lemma coeff_mult_mod_xn1_top:
  fixes A B :: "'a::field poly"
  assumes "degree A < m" "degree B < m"
  shows "coeff ((A * B) mod xn1 m) (m - 1) = coeff (A * B) (m - 1)"
  using assms degree_mult_le[of A B] by (intro coeff_mod_xn1_top) linarith+

lemma dotp_coeff_vec_eq_coeff_mod_xn1:
  fixes A :: "'a::field poly"
  assumes "degree A < m" "length w = m"
  shows "dotp m (coeff_vec m A) w = coeff ((A * Poly (rev w)) mod xn1 m) (m - 1)"
proof -
  have "0 < m"
    using assms(1) by simp
  have "dotp m (coeff_vec m A) w = (\<Sum>i\<le>m - 1. coeff A i * coeff (Poly (rev w)) (m - 1 - i))"
    using assms \<open>0 < m\<close> by (auto simp: dotp_def nth_default_def rev_nth lessThan_Suc_atMost[symmetric]
        intro!: sum.cong)
  also have "\<dots> = coeff (A * Poly (rev w)) (m - 1)"
    by (simp add: coeff_mult)
  also have "\<dots> = coeff ((A * Poly (rev w)) mod xn1 m) (m - 1)"
    using assms \<open>0 < m\<close> by (intro coeff_mult_mod_xn1_top[symmetric]) (simp_all add: degree_Poly_less)
  finally show ?thesis .
qed

lemma lincomb_shifts:
  "lincomb m k c (\<lambda>i. coeff_vec m (monom 1 i * P)) = coeff_vec m ((\<Sum>i<k. monom (c i) i) * P)"
  by (rule nth_equalityI)
     (auto simp: nth_lincomb sum_distrib_right coeff_sum coeff_monom_mult intro!: sum.cong)

lemma sum_monom_coeff: "(\<And>i. k \<le> i \<Longrightarrow> coeff P i = 0) \<Longrightarrow> (\<Sum>i<k. monom (coeff P i) i) = P"
  by (rule poly_eqI) (auto simp: coeff_sum coeff_monom not_less)

lemma lincomb_shifts_eq_0_imp:
  fixes P :: "'a::field poly"
  assumes "P \<noteq> 0" "degree P + k \<le> m" "lincomb m k c (\<lambda>i. coeff_vec m (monom 1 i * P)) = replicate m 0"
    and "i < k"
  shows "c i = 0"
proof -
  define R where "R = (\<Sum>i<k. monom (c i) i)"
  have coeff_R: "coeff R j = (if j < k then c j else 0)" for j
    by (simp add: R_def coeff_sum coeff_monom)
  have "R = 0"
  proof (rule ccontr)
    assume "R \<noteq> 0"
    have "degree R < k"
      using \<open>i < k\<close> by (intro le_less_trans[OF degree_le[of "k - 1"]]) (auto simp: coeff_R)
    then have "degree (R * P) < m"
      using \<open>R \<noteq> 0\<close> assms(1,2) by (simp add: degree_mult_eq)
    then have "R * P = Poly (coeff_vec m (R * P))"
      by (simp add: Poly_coeff_vec)
    also have "\<dots> = 0"
      using assms(3) by (simp add: lincomb_shifts R_def)
    finally show False
      using \<open>R \<noteq> 0\<close> assms(1) by simp
  qed
  then show ?thesis
    using coeff_R[of i] \<open>i < k\<close> by simp
qed

lemma sigma_coeff_vec:
  fixes P :: "'a::comm_ring_1 poly"
  assumes "0 < m" "coeff P (m - 1) = 0"
  shows "sigma (coeff_vec m P) = coeff_vec m (monom 1 1 * P)"
proof -
  obtain m' where m: "m = Suc m'"
    using assms(1) by (cases m) auto
  have "sigma (coeff_vec m P) = coeff P m' # map (coeff P) [0..<m']"
    by (simp add: sigma_def coeff_vec_def m)
  also have "\<dots> = coeff_vec m (monom 1 1 * P)"
    using assms(2) by (intro nth_equalityI) (auto simp: m coeff_monom_mult nth_Cons split: nat.split)
  finally show ?thesis .
qed

lemma sigma_pow_coeff_vec:
  fixes P :: "'a::comm_ring_1 poly"
  assumes "degree P + k \<le> m" "i < k"
  shows "(sigma ^^ i) (coeff_vec m P) = coeff_vec m (monom 1 i * P)"
  using assms(2)
proof (induction i)
  case (Suc i)
  have "coeff (monom 1 i * P) (m - 1) = 0"
    using Suc.prems assms(1) by (auto simp: coeff_monom_mult intro!: coeff_eq_0)
  then have "sigma (coeff_vec m (monom 1 i * P)) = coeff_vec m (monom 1 1 * (monom 1 i * P))"
    using Suc.prems assms(1) by (intro sigma_coeff_vec) auto
  then show ?case
    using Suc by (simp add: mult.assoc[symmetric] mult_monom)
qed simp

lemma dotp_codeword_shift_reflect_check_poly_eq_0:
  fixes g h f :: "'a::field poly"
  assumes "0 < m" "g * h = xn1 m" "i < degree g"
  shows "dotp m (coeff_vec m ((g * f) mod xn1 m)) (coeff_vec m (monom 1 i * reflect_poly h)) = 0"
proof -
  note gh = factors_xn1[OF assms(2,1)]
  define P where "P = monom 1 i * reflect_poly h"
  have "degree P = i + degree h"
    using gh by (simp add: P_def degree_mult_eq degree_monom_eq)
  then have "degree P < m" "m - 1 - degree P = degree g - 1 - i"
    using gh(3) assms(3) by linarith+
  moreover have "reflect_poly P = h"
    using gh(4) by (simp add: P_def reflect_poly_mult reflect_poly_monom)
  ultimately have rev_P: "Poly (rev (coeff_vec m P)) = monom 1 (degree g - 1 - i) * h"
    by (simp add: Poly_rev_coeff_vec)
  have "dotp m (coeff_vec m ((g * f) mod xn1 m)) (coeff_vec m P)
      = coeff (((g * f) mod xn1 m * (monom 1 (degree g - 1 - i) * h)) mod xn1 m) (m - 1)"
    using assms(1) by (simp add: dotp_coeff_vec_eq_coeff_mod_xn1 degree_mod_xn1_less rev_P)
  also have "((g * f) mod xn1 m * (monom 1 (degree g - 1 - i) * h)) mod xn1 m
      = (xn1 m * (f * monom 1 (degree g - 1 - i))) mod xn1 m"
    unfolding mod_mult_left_eq assms(2)[symmetric] by (simp only: ac_simps)
  finally show ?thesis
    by (simp add: P_def)
qed

lemma orthogonal_cyclic_code_imp_check_poly_dvd:
  fixes g h :: "'a::field poly"
  assumes "0 < m" "g * h = xn1 m" "length w = m"
    and orth: "\<And>j. j < m \<Longrightarrow> dotp m (coeff_vec m ((g * monom 1 j) mod xn1 m)) w = 0"
  shows "h dvd Poly (rev w)"
proof -
  define W where "W = Poly (rev w)"
  define Y where "Y = (g * W) mod xn1 m"
  have "coeff Y (m - 1 - j) = 0" if "j < m" for j
  proof -
    have "coeff Y (m - 1 - j) = coeff (monom 1 j * Y) (m - 1)"
      using that by (simp add: coeff_monom_mult)
    also have "\<dots> = coeff ((monom 1 j * Y) mod xn1 m) (m - 1)"
      using that assms(1) by (intro coeff_mult_mod_xn1_top[symmetric]) (simp_all add: Y_def degree_monom_eq degree_mod_xn1_less)
    also have "(monom 1 j * Y) mod xn1 m = ((g * monom 1 j) mod xn1 m * W) mod xn1 m"
      unfolding Y_def mod_mult_right_eq mod_mult_left_eq by (simp only: ac_simps)
    also have "coeff \<dots> (m - 1) = dotp m (coeff_vec m ((g * monom 1 j) mod xn1 m)) w"
      using assms(1,3) by (simp add: W_def dotp_coeff_vec_eq_coeff_mod_xn1 degree_mod_xn1_less)
    finally show ?thesis
      using orth that by simp
  qed
  moreover have "degree Y < m"
    using assms(1) by (simp add: Y_def degree_mod_xn1_less)
  ultimately have "Y = 0"
  proof (intro poly_eqI)
    fix t
    show "coeff Y t = coeff 0 t"
    proof (cases "t < m")
      case True
      then have "t = m - 1 - (m - 1 - t)" "m - 1 - t < m"
        by simp_all
      then show ?thesis
        using \<open>\<And>j. j < m \<Longrightarrow> coeff Y (m - 1 - j) = 0\<close> by (metis coeff_0)
    qed (use \<open>degree Y < m\<close> in \<open>simp add: coeff_eq_0\<close>)
  qed
  then have "g * h dvd g * W"
    by (simp add: Y_def assms(2) mod_eq_0_iff_dvd)
  then show ?thesis
    using factors_xn1[OF assms(2,1)] by (simp add: W_def)
qed

lemma rev_check_poly_multiple_eq_lincomb_shifts:
  fixes g h Q :: "'a::field poly"
  assumes "0 < m" "g * h = xn1 m" "length w = m" "Poly (rev w) = h * Q"
  shows "w = lincomb m (degree g) (coeff (monom 1 (degree g - 1 - degree Q) * reflect_poly Q))
               (\<lambda>i. coeff_vec m (monom 1 i * reflect_poly h))"
proof (cases "Q = 0")
  case True
  then have "rev w = replicate m 0"
    using coeff_vec_Poly[of "rev w" m] assms(3,4) by simp
  then have "w = replicate m 0"
    by (metis rev_replicate rev_rev_ident)
  with True show ?thesis
    by (simp add: lincomb_0)
next
  case False
  note gh = factors_xn1[OF assms(2,1)]
  define R where "R = monom 1 (degree g - 1 - degree Q) * reflect_poly Q"
  have "degree h + degree Q < m"
    using degree_Poly_less[of "rev w" m] assms(1,3,4) False gh(2) by (simp add: degree_mult_eq)
  then have "degree Q < degree g"
    using gh(3) by linarith
  have "w = rev (coeff_vec m (h * Q))"
    using coeff_vec_Poly[of "rev w" m] assms(3,4) by simp
  also have "\<dots> = coeff_vec m (Poly (rev (coeff_vec m (h * Q))))"
    by (simp add: coeff_vec_Poly)
  also have "Poly (rev (coeff_vec m (h * Q))) = monom 1 (m - 1 - degree (h * Q)) * reflect_poly (h * Q)"
    using \<open>degree h + degree Q < m\<close> False gh(2) by (intro Poly_rev_coeff_vec) (simp add: degree_mult_eq)
  also have "m - 1 - degree (h * Q) = degree g - 1 - degree Q"
    using False gh(2,3) by (simp add: degree_mult_eq)
  also have "monom 1 (degree g - 1 - degree Q) * reflect_poly (h * Q) = R * reflect_poly h"
    by (simp add: R_def reflect_poly_mult ac_simps)
  also have "coeff_vec m (R * reflect_poly h) = lincomb m (degree g) (coeff R) (\<lambda>i. coeff_vec m (monom 1 i * reflect_poly h))"
  proof -
    have "degree R \<le> degree g - 1"
      using degree_mult_le[of "monom 1 (degree g - 1 - degree Q)" "reflect_poly Q"] degree_reflect_poly_le[of Q]
        \<open>degree Q < degree g\<close> by (simp add: R_def degree_monom_eq)
    then have "(\<Sum>i<degree g. monom (coeff R i) i) = R"
      using \<open>degree Q < degree g\<close> by (intro sum_monom_coeff coeff_eq_0) linarith
    then show ?thesis
      by (simp add: lincomb_shifts)
  qed
  finally show ?thesis
    by (simp add: R_def)
qed

section \<open>The subfield \<open>F\<^sub>q\<close>\<close>

context frobenius_involution
begin

lemma frob_zero: "(0 :: 'a) ^ q = 0"
  using q_pos by simp

lemma frob_minus: "(- x) ^ q = - (x ^ q :: 'a)"
  using frob_add[of x "- x"] frob_zero by (simp add: eq_neg_iff_add_eq_0 add.commute)

lemma frob_diff: "(x - y) ^ q = x ^ q - (y ^ q :: 'a)"
  using frob_add[of x "- y"] by (simp add: frob_minus)

lemma frob_sum: "(\<Sum>i\<in>A. f i) ^ q = (\<Sum>i\<in>A. f i ^ q :: 'a)"
  by (induction A rule: infinite_finite_induct) (simp_all add: frob_zero frob_add)

lemma subfield_q_0 [intro]: "(0 :: 'a) \<in> subfield_q q"
  by (simp add: subfield_q_def frob_zero)

lemma subfield_q_1 [intro]: "(1 :: 'a) \<in> subfield_q q"
  by (simp add: subfield_q_def)

lemma subfield_q_minus [intro]: "x \<in> subfield_q q \<Longrightarrow> - x \<in> subfield_q q" for x :: 'a
  by (simp add: subfield_q_def frob_minus)

lemma subfield_q_mult [intro]: "x \<in> subfield_q q \<Longrightarrow> y \<in> subfield_q q \<Longrightarrow> x * y \<in> subfield_q q" for x y :: 'a
  by (simp add: subfield_q_def power_mult_distrib)

lemma subfield_q_sum [intro]: "(\<And>i. i \<in> A \<Longrightarrow> f i \<in> subfield_q q) \<Longrightarrow> (\<Sum>i\<in>A. f i) \<in> subfield_q q" for f :: "_ \<Rightarrow> 'a"
  by (simp add: subfield_q_def frob_sum)

lemma Tr_in_subfield_q: "Tr q x \<in> subfield_q q" for x :: 'a
  by (simp add: subfield_q_def Tr_def frob_add frob_frob add.commute)

definition frob_poly :: "'a poly \<Rightarrow> 'a poly" where
  "frob_poly P = map_poly (\<lambda>c. c ^ q) P"

lemma coeff_frob_poly: "coeff (frob_poly P) i = coeff P i ^ q"
  unfolding frob_poly_def by (rule coeff_map_poly) (rule frob_zero)

lemma frob_poly_add: "frob_poly (A + B) = frob_poly A + frob_poly B"
  by (rule poly_eqI) (simp add: coeff_frob_poly frob_add)

lemma frob_poly_mult: "frob_poly (A * B) = frob_poly A * frob_poly B"
  by (rule poly_eqI) (simp add: coeff_frob_poly coeff_mult frob_sum power_mult_distrib)

lemma degree_frob_poly_le: "degree (frob_poly P) \<le> degree P"
  unfolding frob_poly_def by (simp add: degree_map_poly)

lemma over_Fq_iff_frob_poly: "over_Fq q P \<longleftrightarrow> frob_poly P = P"
  by (simp add: over_Fq_def subfield_q_def poly_eq_iff coeff_frob_poly)

lemma over_Fq_mult: "over_Fq q A \<Longrightarrow> over_Fq q B \<Longrightarrow> over_Fq q (A * B)" for A B :: "'a poly"
  by (simp add: over_Fq_iff_frob_poly frob_poly_mult)

lemma over_Fq_monom: "c \<in> subfield_q q \<Longrightarrow> over_Fq q (monom c i :: 'a poly)"
  by (auto simp: over_Fq_def coeff_monom)

lemma over_Fq_reflect_poly: "over_Fq q P \<Longrightarrow> over_Fq q (reflect_poly P :: 'a poly)"
  by (auto simp: over_Fq_def coeff_reflect_poly)

lemma over_Fq_xn1: "over_Fq q (xn1 m :: 'a poly)"
  by (auto simp: over_Fq_def xn1_def coeff_monom)

lemma over_Fq_factor:
  fixes A B C :: "'a poly"
  assumes "over_Fq q B" "B \<noteq> 0" "over_Fq q (B * C)"
  shows "over_Fq q C"
proof -
  have "B * frob_poly C = B * C"
    using assms by (simp add: over_Fq_iff_frob_poly frob_poly_mult)
  then show ?thesis
    using assms(2) by (simp add: over_Fq_iff_frob_poly)
qed

lemma over_Fq_mod:
  fixes A B :: "'a poly"
  assumes "over_Fq q A" "over_Fq q B"
  shows "over_Fq q (A mod B)"
proof -
  have "frob_poly (A mod B) + frob_poly (A div B) * B = frob_poly (A mod B + A div B * B)"
    using assms(2) unfolding over_Fq_iff_frob_poly by (simp only: frob_poly_add frob_poly_mult)
  also have "\<dots> = A"
    using assms(1) by (simp add: over_Fq_iff_frob_poly)
  finally have "A mod B = (frob_poly (A mod B) + frob_poly (A div B) * B) mod B"
    by (simp only:)
  also have "\<dots> = frob_poly (A mod B) mod B"
    by (rule mod_mult_self1)
  also have "\<dots> = frob_poly (A mod B)"
  proof (cases "B = 0 \<or> A mod B = 0")
    case False
    then have "degree (frob_poly (A mod B)) < degree B"
      using degree_frob_poly_le[of "A mod B"] degree_mod_less'[of B A] by linarith
    then show ?thesis
      by (rule mod_poly_less)
  qed (auto simp: frob_poly_def)
  finally show ?thesis
    by (simp add: over_Fq_iff_frob_poly)
qed

lemma lincomb_in_Fq_vec:
  fixes v :: "nat \<Rightarrow> 'a list"
  assumes "\<And>i. i < k \<Longrightarrow> c i \<in> subfield_q q" and "\<And>i. i < k \<Longrightarrow> v i \<in> Fq_vec q m"
  shows "lincomb m k c v \<in> Fq_vec q m"
proof -
  have entry: "v i ! j \<in> subfield_q q" if "i < k" "j < m" for i j
    using assms(2)[OF that(1)] that(2) by (auto simp: Fq_vec_def)
  have "lincomb m k c v ! j \<in> subfield_q q" if "j < m" for j
    unfolding nth_lincomb[OF that] using assms(1) entry that by (intro subfield_q_sum subfield_q_mult) auto
  then show ?thesis
    by (auto simp: Fq_vec_def set_conv_nth)
qed

lemma tau_in_Fq_vec: "v \<in> Fq_vec q (2 * n) \<Longrightarrow> tau n v \<in> Fq_vec q (2 * n)" for v :: "'a list"
  using set_drop_subset[of n v] set_take_subset[of n v] by (auto simp: Fq_vec_def tau_def)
· · · ·
## REQUIRED ACTION
Would you retype exactly the lines above, from the line with "proof (induction i)" to the line with "1 1 * (monom", with both end lines kept and nothing more?

## REPLY TO THE EXERCISE
proof (induction i)
  case (Suc i)
  have "coeff (monom 1 i * P) (m - 1) = 0"
    using Suc.prems assms(1) by (auto simp: coeff_monom_mult intro!: coeff_eq_0)
  then have "sigma (coeff_vec m (monom 1 i * P)) = coeff_vec m (monom 1 1 * (monom 1 i * P))"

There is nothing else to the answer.